II.  Individual Superempowerment

According to Tom Coates, as quoted in the previous chapter, the desktop revolution has had an enormous effect in blurring the distinction in quality between work done within large organizations and that done by individuals at home. The individual has access to a wide array of infrastructures formerly available only through large organizations. As Felix Stalder writes:

There is a vast amount of infrastructure—transportation, communication, financing, production—openly available that, until recently, was only accessible to very large organisations. It now takes relatively little—a few dedicated, knowledgeable people—to connect these pieces into a powerful platform from which to act.

The result is what John Robb calls “individual superempowerment”: “the ability of one individual to do what it took a large company or government agency to do a couple of decades ago…” Open-source warfare “enables individuals and groups to take on much larger foes,” as the power of individuals and small groups is amplified via access to open networks (that grow in value according to Metcalfe’s law = Internet growth + social networks running in parallel) and off the shelf technology (that grows rapidly in power due to the onslaught of Moore’s law and the market’s relentless productization).

Richard Telofski, a corporate consultant who writes on these issues from the standpoint (and that’s an understatement) of the corporation, describes something that sounds quite similar to Robb’s individual superempowerment. After quoting Mark Twain on the folly of picking a fight with “a man who buys his ink by the barrel,” Telofski updates the principle for the 21st century: “never get in a dispute with someone with access to a computer,” or “who is mad enough and persistent enough to make your life ‘hell.’” He illustrates the basic principle with a saying of Sonny Crockett on Miami Vice, who threatened to “clear my desk of all my other cases and make your life a living hell.

Of course it was possible for determined individuals even before the digital/network revolution, as exemplified by the “Leo Szlyck” character in Jeremy Leven’s Satan, to inflict serious punishment through nothing but letters and phone calls.  Szlyck’s method was quite effecitve, in terms of destroying his target’s life, when he got a serious hard-on against someone.  But the new possibilities offered by network organization make Szlyck’s efforts look positively tame by comparison.

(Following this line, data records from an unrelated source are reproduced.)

(* The vector space $A$, with $b\cdot a=ba$ ($b\in B$, $a\in A$), coaction $\delta(a)=a_{(1)}\otimes\pi_C(a_{(2)})$, and inner product $\langle a,a'\rangle=\Phi_A(a^*a')$, is a unitary DK-representation, i.e. an object of ${}_B\mathrm{Rep}^C$.
   Context: $A$ is a CQG Hopf $*$-algebra: a complex Hopf algebra $(A,\Delta_A,\varepsilon_A,S_A)$ with anti-linear involution making it a $*$-algebra with $\Delta_A$ a $*$-homomorphism, admitting a state $\Phi_A$ with $(\Phi_A\otimes\mathrm{id})\Delta_A(a)=\Phi_A(a)1=(\mathrm{id}\otimes\Phi_A)\Delta_A(a)$. $B\subseteq A$ is a unital right coideal $*$-subalgebra ($\Delta_A(B)\subseteq B\odot A$), $B_+=B\cap\ker\varepsilon_A$, $C=A/AB_+$ with quotient map $\pi_C$; $C$ is a coalgebra (comultiplication induced by $\Delta_A$), a left $A$-module by $a\cdot\pi_C(a')=\pi_C(aa')$, with involution $\pi_C(a)^\dagger=\pi_C(S_A(a)^* )$. ${}_B\mathrm{Rep}^C$: left $B$-modules $V$ with right $C$-comodule structure $v\mapsto v_{(0)}\otimes v_{(1)}$ satisfying $(bv)_{(0)}\otimes(bv)_{(1)}=b_{(1)}v_{(0)}\otimes b_{(2)}\cdot v_{(1)}$, which are pre-Hilbert spaces with $\langle v,bw\rangle=\langle b^*v,w\rangle$ and $\langle v,w_{(0)}\rangle w_{(1)}=\langle v_{(0)},w\rangle v_{(1)}^\dagger$. *)

theory Defs
  imports Complex_Main
begin

text \<open>
  Algebraic tensors in V (x) W are represented by
  finite lists of pairs (sums of simple tensors); two such lists denote the same tensor iff
  every bilinear form on V x W takes the same value on them (this characterises equality in
  the algebraic tensor product over a field). Elements of C = A / A B_+ are represented by
  elements of A (representatives of pi_C); equality in C is membership of the difference in
  the left ideal A B_+. Tensors in V (x) C are lists in V x A compared by bilinear forms
  vanishing on V x A B_+, i.e. by the dual of V (x) C.
\<close>

definition cvec :: "(complex \<Rightarrow> 'v::ab_group_add \<Rightarrow> 'v) \<Rightarrow> bool" where
  "cvec sc \<longleftrightarrow> (\<forall>c x y. sc c (x + y) = sc c x + sc c y) \<and> (\<forall>c d x. sc (c + d) x = sc c x + sc d x)
     \<and> (\<forall>c d x. sc c (sc d x) = sc (c * d) x) \<and> (\<forall>x. sc 1 x = x)"

definition calg :: "(complex \<Rightarrow> 'a::ring_1 \<Rightarrow> 'a) \<Rightarrow> bool" where
  "calg sc \<longleftrightarrow> cvec sc \<and> (\<forall>c a b. sc c (a * b) = sc c a * b \<and> sc c (a * b) = a * sc c b)"

definition linf :: "(complex \<Rightarrow> 'v::ab_group_add \<Rightarrow> 'v) \<Rightarrow> ('v \<Rightarrow> complex) \<Rightarrow> bool" where
  "linf sc f \<longleftrightarrow> (\<forall>x y. f (x + y) = f x + f y) \<and> (\<forall>c x. f (sc c x) = c * f x)"

definition linmap :: "(complex \<Rightarrow> 'v::ab_group_add \<Rightarrow> 'v) \<Rightarrow> (complex \<Rightarrow> 'w::ab_group_add \<Rightarrow> 'w) \<Rightarrow> ('v \<Rightarrow> 'w) \<Rightarrow> bool" where
  "linmap scV scW f \<longleftrightarrow> (\<forall>x y. f (x + y) = f x + f y) \<and> (\<forall>c x. f (scV c x) = scW c (f x))"

definition bilin :: "(complex \<Rightarrow> 'v::ab_group_add \<Rightarrow> 'v) \<Rightarrow> (complex \<Rightarrow> 'w::ab_group_add \<Rightarrow> 'w)
    \<Rightarrow> ('v \<Rightarrow> 'w \<Rightarrow> complex) \<Rightarrow> bool" where
  "bilin scV scW \<beta> \<longleftrightarrow> (\<forall>y. linf scV (\<lambda>x. \<beta> x y)) \<and> (\<forall>x. linf scW (\<lambda>y. \<beta> x y))"

definition trilin :: "(complex \<Rightarrow> 'u::ab_group_add \<Rightarrow> 'u) \<Rightarrow> (complex \<Rightarrow> 'v::ab_group_add \<Rightarrow> 'v)
    \<Rightarrow> (complex \<Rightarrow> 'w::ab_group_add \<Rightarrow> 'w) \<Rightarrow> ('u \<Rightarrow> 'v \<Rightarrow> 'w \<Rightarrow> complex) \<Rightarrow> bool" where
  "trilin scU scV scW \<gamma> \<longleftrightarrow> (\<forall>y z. linf scU (\<lambda>x. \<gamma> x y z)) \<and> (\<forall>x z. linf scV (\<lambda>y. \<gamma> x y z))
     \<and> (\<forall>x y. linf scW (\<lambda>z. \<gamma> x y z))"

definition tsum :: "('v \<Rightarrow> 'w \<Rightarrow> complex) \<Rightarrow> ('v \<times> 'w) list \<Rightarrow> complex" where
  "tsum \<beta> xs = sum_list (map (\<lambda>(x, y). \<beta> x y) xs)"

definition teq :: "(complex \<Rightarrow> 'v::ab_group_add \<Rightarrow> 'v) \<Rightarrow> (complex \<Rightarrow> 'w::ab_group_add \<Rightarrow> 'w)
    \<Rightarrow> ('v \<times> 'w) list \<Rightarrow> ('v \<times> 'w) list \<Rightarrow> bool" where
  "teq scV scW xs ys \<longleftrightarrow> (\<forall>\<beta>. bilin scV scW \<beta> \<longrightarrow> tsum \<beta> xs = tsum \<beta> ys)"
text \<open>The ground set W is a finite set of naturals
(without loss of generality). Global information: k, W, W_A, W_B.
Alice: (k, W, W_A, W_B, V_A, oracle f) \<mapsto> random message (list of elements of W).
Bob:   (k, W, W_A, W_B, V_B, message, oracle f) \<mapsto> random output set.
Oracle access is modelled by requiring that Alice's output distribution depends on f only
through its values on subsets of W_A, and Bob's only through its values on subsets of W.
The two parties use independent private randomness.\<close>

type_synonym alice_alg =
  "nat \<Rightarrow> nat set \<Rightarrow> nat set \<Rightarrow> nat set \<Rightarrow> nat set \<Rightarrow> (nat set \<Rightarrow> real) \<Rightarrow> nat list pmf"

type_synonym bob_alg =
  "nat \<Rightarrow> nat set \<Rightarrow> nat set \<Rightarrow> nat set \<Rightarrow> nat set \<Rightarrow> nat list \<Rightarrow> (nat set \<Rightarrow> real) \<Rightarrow> nat set pmf"

definition nonneg_monotone_submodular :: "nat set \<Rightarrow> (nat set \<Rightarrow> real) \<Rightarrow> bool" where
  "nonneg_monotone_submodular W f \<longleftrightarrow>
     (\<forall>X. X \<subseteq> W \<longrightarrow> f X \<ge> 0) \<and>
     (\<forall>X Y. X \<subseteq> Y \<and> Y \<subseteq> W \<longrightarrow> f X \<le> f Y) \<and>
     (\<forall>X Y v. X \<subseteq> Y \<and> Y \<subseteq> W \<and> v \<in> W \<and> v \<notin> Y \<longrightarrow>
        f (insert v X) - f X \<ge> f (insert v Y) - f Y)"

definition valid_instance ::
  "nat \<Rightarrow> nat set \<Rightarrow> nat set \<Rightarrow> nat set \<Rightarrow> nat set \<Rightarrow> nat set \<Rightarrow> (nat set \<Rightarrow> real) \<Rightarrow> bool" where
  "valid_instance k W WA WB VA VB f \<longleftrightarrow>
     k > 0 \<and> finite W \<and> WA \<union> WB = W \<and> WA \<inter> WB = {} \<and>
     VA \<subseteq> WA \<and> VB \<subseteq> WB \<and> nonneg_monotone_submodular W f"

Malcolm Gladwell dismisses networked activism, of the kind organized through social media, on the grounds that it’s “built on weak ties.” It doesn’t elicit the same levels of personal commitment, or require the same levels of sacrifice from those buying into it, as did (say) the sit-ins of the Civil Rights era. It is, he says, a cheap substitute for commitment. I think this misses the point.

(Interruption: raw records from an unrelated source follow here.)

lemma is_arefl_arefl_iff:
  assumes "0 < n"
  shows "is_arefl n (arefl n i j) \<longleftrightarrow> i mod n \<noteq> j mod n"
proof
  assume "is_arefl n (arefl n i j)"
  then obtain i' j' where ij': "i' mod n \<noteq> j' mod n" "arefl n i j = arefl n i' j'"
    by (auto simp: is_arefl_def)
  show "i mod n \<noteq> j mod n"
  proof
    assume "i mod n = j mod n"
    then have "arefl n i j i' mod n = i' mod n"
      using mod_add_diff_eq_if_mod_eq by (auto simp: arefl_def)
    with ij' show False by (simp add: arefl_def)
  qed
qed (auto simp: is_arefl_def)

lemma has_endpoint_arefl:
  assumes "i mod n \<noteq> j mod n"
  shows "has_endpoint n (arefl n i j) i" and "has_endpoint n (arefl n i j) j"
  using assms unfolding has_endpoint_def by blast+

lemma has_endpoint_moves:
  assumes "has_endpoint n r y" and "x mod n = y mod n"
  shows "r x \<noteq> x"
  using assms unfolding has_endpoint_def arefl_def by auto

lemma prodl_Cons: "prodl (r # rs) = r \<circ> prodl rs"
  by (simp add: prodl_def)

lemma prodl_mod_eq_iff:
  assumes "0 < n" and "\<forall>r\<in>set rs. is_arefl n r"
  shows "prodl rs x mod n = prodl rs x' mod n \<longleftrightarrow> x mod n = x' mod n"
  using assms(2)
proof (induction rs)
  case Nil
  then show ?case by (simp add: prodl_def)
next
  case (Cons r rs)
  then obtain i j where "i mod n \<noteq> j mod n" "r = arefl n i j"
    by (auto simp: is_arefl_def)
  with Cons show ?case by (simp add: prodl_Cons arefl_mod_eq_iff)
qed

lemma lambda_n_less_imp_mod:
  assumes "0 < n" and "lambda_n n x < x"
  shows "lambda_n n x mod n = 0"
proof -
  have "x mod n = 0"
    using assms by (auto simp: lambda_n_def split: if_splits)
  then show ?thesis
    by (simp add: lambda_n_def mod_diff_eq[symmetric])
qed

Gladwell argues that the levels of effort and commitment involved in most networked participation are quite casual compared to the dedicated effort required for real change. But he’s assuming that the amount of effort needed to combat hierarchies is itself fairly constant. The real change, which he ignores, is the shift in the relative balance of power between individuals and small groups, versus hierarchies:  the rapidly declining amount of effort it takes for a motivated individual to put a serious hurt on a large institution. His reference to the level of commitment needed to “persevere in the face of danger” is begging the question. The amount of damage that one pissed-off individual can do to a hierarchy with little or no danger to herself is increasing exponentially.

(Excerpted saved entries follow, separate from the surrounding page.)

(* Let $(X,\Sigma,\tau,(\chi_A)_{A\in AP})$ be a labelled Markov process viewed as a Feller-Dynkin process on $E=X\times[0,1)$. If $R$ is a bisimulation on $E$, then its time-coherent closure $time(R)$ is also a bisimulation.
   Context: A labelled Markov process (LMP) $(X,\Sigma,\tau,(\chi_A)_{A\in AP})$ consists of a measurable space $(X,\Sigma)$, a Markov kernel $\tau:X\times\Sigma\to[0,1]$ (measurable in the first argument, a subprobability measure in the second), and characteristic functions $\chi_A$ of subsets of $X$ for atomic propositions $A\in AP=\{A_1,A_2,\dots\}$. The LMP is viewed as a process on $E=X\times[0,1)$ with $\sigma$-algebra $\Sigma\otimes\mathcal{B}([0,1))$ via kernels $P_t((x,s),C)=\tau_{\lfloor t+s\rfloor}(x,C')$, $C'=\{z:(z,t+s-\lfloor t+s\rfloor)\in C\}$, $\tau_0(x,C)=\delta_C(x)$, $\tau_1=\tau$, $\tau_{k+1}(x,C)=\int_X\tau(x,dy)\tau_k(y,C)$; observation $obs(x,s)$ has $i$-th component $\chi_{A_i}(x)$. With $E_\partial=E\uplus\{\partial\}$, trajectories are cadlag maps $\omega:[0,\infty)\to E_\partial$ with $\partial$ absorbing, $\Omega$ is the set of trajectories, $\mathcal{G}=\sigma(\omega\mapsto\omega(s):s\ge0)$, and $\mathbb{P}^z$ is determined by $\mathbb{P}^z(\omega(0)\in dx_0,\omega(t_1)\in dx_1,\dots,\omega(t_n)\in dx_n)=\delta_z(dx_0)P^{+\partial}_{t_1}(x_0,dx_1)\cdots P^{+\partial}_{t_n-t_{n-1}}(x_{n-1},dx_n)$, where $P^{+\partial}_t(z,\{\partial\})=1-P_t(z,E)$, $P^{+\partial}_t(\partial,\{\partial\})=1$; $obs(\partial)=\partial$. An equivalence $R$ on $E$ is a bisimulation if whenever $z\,R\,w$: $obs(z)=obs(w)$, and $\mathbb{P}^z(B)=\mathbb{P}^w(B)$ for every $R$-closed $B\in\mathcal{G}$, where $B$ is $R$-closed if $\omega\in B$ and $\omega(t)\,R\,\omega'(t)$ for all $t\ge0$ ($\partial$ related to itself) imply $\omega'\in B$. An equivalence $R$ on $E$ is time-coherent if for all $x,y\in X$ and $0\le t<1$, $(x,t)\,R\,(y,t)$ implies $(x,s)\,R\,(y,s)$ for all $s\in[0,1)$. The time-coherent closure $time(R)$ of an equivalence $R$ on $E$ is the smallest time-coherent equivalence containing $R$. *)

theory Defs
  imports "HOL-Probability.Probability"
begin

text \<open>The LMP: a measurable space M (carrier X = space M, sigma-algebra sets M),
  a Markov kernel tau : X \<rightarrow> subprobability measures on M, and labels chi i (i-th
  atomic proposition A_i, characteristic function of a subset of X).\<close>

definition lmp :: "'x measure \<Rightarrow> ('x \<Rightarrow> 'x measure) \<Rightarrow> bool" where
  "lmp M \<tau> \<longleftrightarrow> \<tau> \<in> M \<rightarrow>\<^sub>M subprob_algebra M"

primrec tauk :: "'x measure \<Rightarrow> ('x \<Rightarrow> 'x measure) \<Rightarrow> nat \<Rightarrow> 'x \<Rightarrow> 'x measure" where
  "tauk M \<tau> 0 x = return M x"
| "tauk M \<tau> (Suc k) x = bind (\<tau> x) (\<lambda>y. tauk M \<tau> k y)"

definition Emeas :: "'x measure \<Rightarrow> ('x \<times> real) measure" where
  "Emeas M = M \<Otimes>\<^sub>M restrict_space borel {0..<1::real}"

text \<open>E_partial = E plus a cemetery point; the cemetery is None.\<close>
definition Ed :: "'x measure \<Rightarrow> ('x \<times> real) option measure" where
  "Ed M = sigma (insert None (Some ` space (Emeas M)))
                ({Some ` A | A. A \<in> sets (Emeas M)} \<union> {{None}})"

definition Pd :: "'x measure \<Rightarrow> ('x \<Rightarrow> 'x measure) \<Rightarrow> real \<Rightarrow> ('x \<times> real) option
                   \<Rightarrow> ('x \<times> real) option measure" where
  "Pd M \<tau> t w = (case w of
      None \<Rightarrow> return (Ed M) None
    | Some (x, s) \<Rightarrow>
        measure_of (space (Ed M)) (sets (Ed M))
          (\<lambda>C. emeasure (tauk M \<tau> (nat \<lfloor>t + s\<rfloor>) x) {y \<in> space M. Some (y, frac (t + s)) \<in> C}
               + (1 - emeasure (tauk M \<tau> (nat \<lfloor>t + s\<rfloor>) x) (space M)) * indicator C None))"

fun fdd :: "'x measure \<Rightarrow> ('x \<Rightarrow> 'x measure) \<Rightarrow> ('x \<times> real) option \<Rightarrow> real
              \<Rightarrow> (real \<times> ('x \<times> real) option set) list \<Rightarrow> ennreal" where
  "fdd M \<tau> w t0 [] = 1"
| "fdd M \<tau> w t0 ((t, A) # rest) =
     (\<integral>\<^sup>+ y. indicator A y * fdd M \<tau> y t rest \<partial>(Pd M \<tau> (t - t0) w))"

text \<open>Topology: X discrete, [0,1) Euclidean, E_partial the one-point (Alexandroff)
  compactification of E with the cemetery as point at infinity.\<close>
definition topE :: "'x measure \<Rightarrow> ('x \<times> real) topology" where
  "topE M = prod_topology (discrete_topology (space M)) (top_of_set {0..<1::real})"

definition topEd :: "'x measure \<Rightarrow> ('x \<times> real) option topology" where
  "topEd M = topology (\<lambda>V. V \<subseteq> insert None (Some ` topspace (topE M))
       \<and> openin (topE M) (Some -` V)
       \<and> (None \<in> V \<longrightarrow> compactin (topE M) (topspace (topE M) - Some -` V)))"

definition cadlag :: "'a topology \<Rightarrow> (real \<Rightarrow> 'a) \<Rightarrow> bool" where
  "cadlag T \<omega> \<longleftrightarrow> (\<forall>t\<ge>0. limitin T \<omega> (\<omega> t) (at_right t))
                 \<and> (\<forall>t>0. \<exists>l. limitin T \<omega> l (at_left t))"

text \<open>Trajectories: cadlag maps [0,infinity) \<rightarrow> E_partial with the cemetery absorbing;
  they are extended by the cemetery to negative times (a normalisation only).\<close>
definition Traj :: "'x measure \<Rightarrow> (real \<Rightarrow> ('x \<times> real) option) set" where
  "Traj M = {\<omega>. (\<forall>t\<ge>0. \<omega> t \<in> insert None (Some ` space (Emeas M)))
               \<and> (\<forall>t<0. \<omega> t = None)
               \<and> (\<forall>t\<ge>0. \<omega> t = None \<longrightarrow> (\<forall>t'\<ge>t. \<omega> t' = None))
               \<and> cadlag (topEd M) \<omega>}"

definition Gm :: "'x measure \<Rightarrow> (real \<Rightarrow> ('x \<times> real) option) measure" where
  "Gm M = sigma (Traj M) {{\<omega> \<in> Traj M. \<omega> s \<in> A} | s A. 0 \<le> s \<and> A \<in> sets (Ed M)}"

definition trajectory_laws :: "'x measure \<Rightarrow> ('x \<Rightarrow> 'x measure)
      \<Rightarrow> ('x \<times> real \<Rightarrow> (real \<Rightarrow> ('x \<times> real) option) measure) \<Rightarrow> bool" where
  "trajectory_laws M \<tau> PP \<longleftrightarrow> (\<forall>z \<in> space (Emeas M).
      sets (PP z) = sets (Gm M)
    \<and> (\<forall>xs. sorted (map fst xs) \<and> (\<forall>(t, A) \<in> set xs. 0 \<le> t \<and> A \<in> sets (Ed M)) \<longrightarrow>
         emeasure (PP z) {\<omega> \<in> Traj M. \<forall>(t, A) \<in> set xs. \<omega> t \<in> A} = fdd M \<tau> (Some z) 0 xs))"

definition lmp_obs :: "(nat \<Rightarrow> 'x \<Rightarrow> bool) \<Rightarrow> 'x \<times> real \<Rightarrow> (nat \<Rightarrow> bool)" where
  "lmp_obs lab z = (\<lambda>i. lab i (fst z))"

definition rel_d :: "(('x \<times> real) \<times> ('x \<times> real)) set \<Rightarrow> ('x \<times> real) option \<Rightarrow> ('x \<times> real) option \<Rightarrow> bool" where
  "rel_d R a b \<longleftrightarrow> (a = None \<and> b = None) \<or> (\<exists>z w. a = Some z \<and> b = Some w \<and> (z, w) \<in> R)"

definition R_closed :: "'x measure \<Rightarrow> (('x \<times> real) \<times> ('x \<times> real)) set
      \<Rightarrow> (real \<Rightarrow> ('x \<times> real) option) set \<Rightarrow> bool" where
  "R_closed M R B \<longleftrightarrow> (\<forall>\<omega> \<in> B. \<forall>\<omega>' \<in> Traj M. (\<forall>t\<ge>0. rel_d R (\<omega> t) (\<omega>' t)) \<longrightarrow> \<omega>' \<in> B)"

definition is_bisimulation :: "'x measure \<Rightarrow> (nat \<Rightarrow> 'x \<Rightarrow> bool)
      \<Rightarrow> ('x \<times> real \<Rightarrow> (real \<Rightarrow> ('x \<times> real) option) measure)
      \<Rightarrow> (('x \<times> real) \<times> ('x \<times> real)) set \<Rightarrow> bool" where
  "is_bisimulation M lab PP R \<longleftrightarrow> equiv (space (Emeas M)) R \<and>
     (\<forall>(z, w) \<in> R. lmp_obs lab z = lmp_obs lab w \<and>
        (\<forall>B \<in> sets (Gm M). R_closed M R B \<longrightarrow> emeasure (PP z) B = emeasure (PP w) B))"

The beauty of individual super-empowerment is that it lowers the levels of cost or sacrifice required to inflict major defeats on hierarchical targets. The reduced levels of risk made possible by new technologies of encryption, enabling networked movements to operate under the cover of darknets, are a plus. The whole point of networked organization is that it shifts the balance of power. Gladwell sounds a bit like an aging geek boasting that “in my day, we had to use a slide rule!”

Gladwell himself admits that an advantage of network structures is that they are “enormously resilient and adaptable in low-risk situations.” But he neglects the possibility that the level of risk itself is not a constant—that warfare against state and corporate hierarchies is becoming a progressively lower-risk situation because of advances in network technology. The whole point of super-empowerment is that the risk and cost entailed in organizing against the state are becoming lower and lower.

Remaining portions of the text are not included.